Precautions for Termination of Pod of Container Native Load balancing of GKE

Maciej
3 min readSep 27, 2021

Introduction

GKE recommends Container Native load balancing. This allows the GCP load balancer to route directly to the pod’s IP using a mechanism called Alias ​​IP, NEG. However, if the pods are not set properly, downtime will occur when the pods are evicted from the node due to cluster maintenance or the like. In this article, I will explain how Container Native Load Balancer works and how to properly configure Pods.

Container Native load balancing mechanism

As described in Container Native Load Balancing, there is a Custom Controller called NEG Controller in the Master node of GKE, and when a Service with a specific Annotation is registered, it seems that a NEG resource is created in GCP and the Pod associated with the Service is attached to NEG. .. Also, as the name of the zonal network endpoint group suggests, a NEG is created for each zone, and the pod belongs to the NEG of the zone in which it exists.

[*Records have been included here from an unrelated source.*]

lemma pivot_weights_pivot:
  "inj_on js {..<i} \<Longrightarrow> m < i \<Longrightarrow> pivot_weights js g i x (js m) = x m / real_of_int (g m)"
  by (simp add: pivot_weights_def the_inv_into_f_f)

lemma pivot_weights_bounds:
  assumes "inj_on js {..<i}" "\<forall>m<i. 0 < g m" "x \<in> unit_cube i"
  shows "0 \<le> pivot_weights js g i x j \<and> pivot_weights js g i x j \<le> 1"
proof (cases "j \<in> js ` {..<i}")
  case True
  then obtain m where "m < i" "j = js m" by auto
  moreover have "0 \<le> x m" "x m \<le> 1" using assms(3) \<open>m < i\<close> by (auto simp: unit_cube_def)
  moreover have "1 \<le> real_of_int (g m)"
    using assms(2) \<open>m < i\<close> by (simp add: int_one_le_iff_zero_less)
  ultimately show ?thesis using assms(1) by (simp add: pivot_weights_pivot divide_le_eq_1)
qed (simp add: pivot_weights_def)

lemma pivot_weights_sum:
  fixes js :: "nat \<Rightarrow> nat"
  assumes inj: "inj_on js {..<i}" and "js ` {..<i} \<subseteq> {..<L}" "i \<le> n" "x \<in> unit_cube i"
    and "\<forall>m<i. 0 < g m" and column: "\<And>m. m < i \<Longrightarrow> e (js m) = real_of_int (V m) * real_of_int (g m)"
  shows "(\<Sum>j<L. pivot_weights js g i x j * e j) = (\<Sum>b<n. real_of_int (V b) * x b)"
proof -
  have "(\<Sum>j<L. pivot_weights js g i x j * e j) = (\<Sum>j\<in>js ` {..<i}. pivot_weights js g i x j * e j)"
    using assms(2) by (intro sum.mono_neutral_right) (auto simp: pivot_weights_def)
  also have "\<dots> = (\<Sum>m<i. x m / real_of_int (g m) * e (js m))"
    using inj by (simp add: sum.reindex pivot_weights_pivot)
  also have "\<dots> = (\<Sum>m<i. real_of_int (V m) * x m)"
    using assms(5) column by (intro sum.cong) auto
  also have "\<dots> = (\<Sum>b<n. real_of_int (V b) * x b)"
    using assms(3,4) by (intro sum.mono_neutral_left) (auto simp: unit_cube_def)
  finally show ?thesis .
qed
(* Let $m\geq 3$ be an odd integer and $\ell=\lceil\log_2 m\rceil$. Suppose there is a positive integer $j$ such that $\mathbf t_j\mathbf t_{j+1}=\mathbf t_{m+j}\mathbf t_{m+j+1}$. Then $\mathfrak K(m)<\left(1+\frac{j+1}{m}\right)2^\ell$.
   Context: The Thue–Morse word is $\mathbf t=\mathbf t_1\mathbf t_2\cdots$ where $\mathbf t_i\in\{0,1\}$ has the parity of the number of $1$'s in the binary expansion of $i-1$. For positive integers $\alpha\le\beta$, $\langle\alpha,\beta\rangle=\mathbf t_\alpha\cdots\mathbf t_\beta$. A $k$-anti-power is a word $w_1\cdots w_k$ with $w_1,\dots,w_k$ pairwise distinct words of equal length. For a positive integer $m$, $\mathfrak K(m)$ is the smallest positive integer $k$ such that the prefix $\langle 1,km\rangle$ of $\mathbf t$ is not a $k$-anti-power. *)

theory Defs
  imports Complex_Main
begin

fun bitcount :: "nat \<Rightarrow> nat" where
  "bitcount n = (if n = 0 then 0 else n mod 2 + bitcount (n div 2))"

(* Thue--Morse word, 1-indexed: t i = parity of bitcount (i - 1), for i \<ge> 1 *)
definition tm :: "nat \<Rightarrow> nat" where
  "tm i = bitcount (i - 1) mod 2"

definition tmfactor :: "nat \<Rightarrow> nat \<Rightarrow> nat list" where
  "tmfactor a b = map tm [a..<b + 1]"

definition is_anti_power_prefix :: "nat \<Rightarrow> nat \<Rightarrow> bool" where
  "is_anti_power_prefix k m \<longleftrightarrow>
     (\<forall>i \<in> {1..k}. \<forall>i' \<in> {1..k}. i \<noteq> i' \<longrightarrow>
        tmfactor ((i - 1) * m + 1) (i * m) \<noteq> tmfactor ((i' - 1) * m + 1) (i' * m))"

definition frakK :: "nat \<Rightarrow> nat" where
  "frakK m = (LEAST k. k > 0 \<and> \<not> is_anti_power_prefix k m)"

end

theory Submission
  imports Defs
begin

text \<open>Write \<open>N = 2^\<ell> \<ge> m\<close> and let \<open>T n = t\<^sub>n\<^sub>+\<^sub>1\<close> be the 0-indexed Thue--Morse word.
  Since the binary digits of \<open>N x + y\<close> for \<open>y < N\<close> are those of \<open>x\<close> followed by those
  of \<open>y\<close>, we have \<open>T (N x + y) = T x \<oplus> T y\<close>. With \<open>j = q + 1\<close>, the hypothesis says that
  \<open>T\<close> agrees at \<open>q, q + 1\<close> and at \<open>q + m, q + m + 1\<close>; hence \<open>T\<close> agrees on the windows
  \<open>[N q, N q + 2N)\<close> and \<open>[N (q + m), N (q + m) + 2N)\<close>, which differ by the shift \<open>N m\<close>.
  As \<open>m \<le> N\<close>, some length-\<open>m\<close> block \<open>[a m, a m + m)\<close> lies in the first window, so the
  blocks of the prefix with 0-based indices \<open>a\<close> and \<open>a + N\<close> coincide, and \<open>K(m) \<le> a + N + 1\<close>.\<close>

declare bitcount.simps [simp del]

lemma bitcount_0 [simp]: "bitcount 0 = 0"
  by (simp add: bitcount.simps)

lemma bitcount_eq: "bitcount n = n mod 2 + bitcount (n div 2)"
  by (cases "n = 0") (simp_all add: bitcount.simps[of n])

lemma bitcount_add_mult_power2:
  "y < 2 ^ L \<Longrightarrow> bitcount (2 ^ L * x + y) = bitcount x + bitcount y"
proof (induction L arbitrary: y)
  case 0
  then show ?case by simp
next
  case (Suc L)
  have "y div 2 < 2 ^ L"
    using Suc.prems by (simp add: less_mult_imp_div_less mult.commute)
  then have "bitcount (2 ^ L * x + y div 2) = bitcount x + bitcount (y div 2)"
    by (rule Suc.IH)
  moreover have "(2 ^ Suc L * x + y) mod 2 = y mod 2"
    and "(2 ^ Suc L * x + y) div 2 = 2 ^ L * x + y div 2"
    by (simp_all add: mult.assoc)
  ultimately show ?case
    using bitcount_eq[of "2 ^ Suc L * x + y"] bitcount_eq[of y] by simp
qed

definition thue_morse :: "nat \<Rightarrow> nat" where
  "thue_morse n = bitcount n mod 2"

lemma tm_Suc: "tm (Suc n) = thue_morse n"
  by (simp add: tm_def thue_morse_def)

lemma thue_morse_add_mult_power2:
  "y < 2 ^ L \<Longrightarrow> thue_morse (2 ^ L * x + y) = (thue_morse x + thue_morse y) mod 2"
  by (simp add: thue_morse_def bitcount_add_mult_power2 mod_add_eq)

lemma thue_morse_window_shift:
  assumes "thue_morse q = thue_morse (q + s)"
    and "thue_morse (q + 1) = thue_morse (q + s + 1)"
    and "c < 2 * 2 ^ L"
  shows "thue_morse (2 ^ L * q + c) = thue_morse (2 ^ L * (q + s) + c)"
proof (cases "c < 2 ^ L")
  case True
  then show ?thesis
    using assms(1) by (simp add: thue_morse_add_mult_power2)
next
  case False
  define d where "d = c - 2 ^ L"
  have d: "d < 2 ^ L"
    using assms(3) False by (simp add: d_def)
  have "2 ^ L * q + c = 2 ^ L * (q + 1) + d" and "2 ^ L * (q + s) + c = 2 ^ L * (q + s + 1) + d"
    using False by (simp_all add: d_def algebra_simps)
  then show ?thesis
    using assms(2) by (simp only: thue_morse_add_mult_power2[OF d])
qed

lemma tmfactor_block:
  "tmfactor (a * m + 1) ((a + 1) * m) = map (\<lambda>r. thue_morse (a * m + r)) [0..<m]"
proof -
  have "[a * m + 1..<(a + 1) * m + 1] = map (\<lambda>r. Suc (a * m + r)) [0..<m]"
    by (rule nth_equalityI) (simp_all del: upt_Suc add: nth_upt)
  then show ?thesis
    by (simp add: tmfactor_def tm_Suc comp_def)
qed

lemma frakK_le_if_blocks_eq:
  assumes "a < b" and "tmfactor (a * m + 1) ((a + 1) * m) = tmfactor (b * m + 1) ((b + 1) * m)"
  shows "frakK m \<le> b + 1"
proof -
  have "tmfactor ((a + 1 - 1) * m + 1) ((a + 1) * m) = tmfactor ((b + 1 - 1) * m + 1) ((b + 1) * m)"
    using assms(2) by simp
  moreover have "a + 1 \<in> {1..b + 1}" and "b + 1 \<in> {1..b + 1}" and "a + 1 \<noteq> b + 1"
    using assms(1) by simp_all
  ultimately have "\<not> is_anti_power_prefix (b + 1) m"
    unfolding is_anti_power_prefix_def by blast
  then show ?thesis
    unfolding frakK_def by (intro Least_le) simp
qed

lemma block_in_window:
  fixes m N q :: nat
  assumes "0 < m" and "m \<le> N"
  obtains a where "N * q \<le> a * m" and "a * m + m < N * (q + 2)"
proof
  define a where "a = (N * q + m - 1) div m"
  show "N * q \<le> a * m"
    using assms(1) div_mult_mod_eq[of "N * q + m - 1" m] mod_less_divisor[of m "N * q + m - 1"]
    unfolding a_def by linarith
  have "a * m \<le> N * q + m - 1"
    unfolding a_def by (rule div_times_less_eq_dividend)
  then show "a * m + m < N * (q + 2)"
    using assms by (simp add: algebra_simps)
qed

theorem lemma4:
  fixes m j :: nat
  assumes "m \<ge> 3" and "odd m" and "j > 0"
    and "tm j = tm (m + j)" and "tm (j + 1) = tm (m + j + 1)"
  shows "real (frakK m) < (1 + real (j + 1) / real m) * 2 ^ (nat \<lceil>log 2 (real m)\<rceil>)"
proof -
  define L where "L = nat \<lceil>log 2 (real m)\<rceil>"
  define N :: nat where "N = 2 ^ L"
  have m: "0 < m" using assms(1) by simp
  have "real m \<le> 2 ^ L"
    unfolding L_def by (rule power_of_nat_log_ge) simp
  then have "m \<le> N"
    unfolding N_def by (metis of_nat_le_iff of_nat_numeral of_nat_power)
  obtain q where j: "j = q + 1"
    using assms(3) by (metis Suc_eq_plus1 gr0_implies_Suc)
  have shift: "thue_morse q = thue_morse (q + m)" "thue_morse (q + 1) = thue_morse (q + m + 1)"
    using assms(4,5) by (simp_all add: j tm_Suc add.commute)
  obtain a where lo: "N * q \<le> a * m" and hi: "a * m + m < N * (q + 2)"
    using block_in_window[OF m \<open>m \<le> N\<close>] .
  have "thue_morse (a * m + r) = thue_morse ((a + N) * m + r)" if "r < m" for r
  proof -
    define c where "c = a * m + r - N * q"
    have "c < 2 * 2 ^ L" and "a * m + r = N * q + c" and "(a + N) * m + r = N * (q + m) + c"
      using lo hi that by (simp_all add: c_def N_def algebra_simps)
    then show ?thesis
      using thue_morse_window_shift[OF shift] by (simp add: N_def)
  qed
  then have "tmfactor (a * m + 1) ((a + 1) * m) = tmfactor ((a + N) * m + 1) ((a + N + 1) * m)"
    unfolding tmfactor_block by simp
  then have "frakK m \<le> a + N + 1"
    by (rule frakK_le_if_blocks_eq[rotated]) (simp add: N_def)
  moreover have "m * (a + N + 1) < (m + j + 1) * N"
    using hi by (simp add: j algebra_simps)
  ultimately have "real m * real (frakK m) < real (m + j + 1) * real N"
    by (metis le_less_trans mult_le_mono2 of_nat_less_iff of_nat_mult)
  then show ?thesis
    using m by (simp add: N_def L_def field_simps)
qed

end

Source: https://cloud.google.com/

Precautions to wear when evacuating a pod

GKE will automatically upgrade the cluster so that the nodes will be rolling updated. Then, the pod scheduled at that timing will be spit out once and recreated on another node, so if you do not pay attention to the life cycle, downtime will occur.

Life cycle when a pod is evacuated

When the pod is evacuated and once it is out of the NEG and cannot be routed, the flow will be as follows.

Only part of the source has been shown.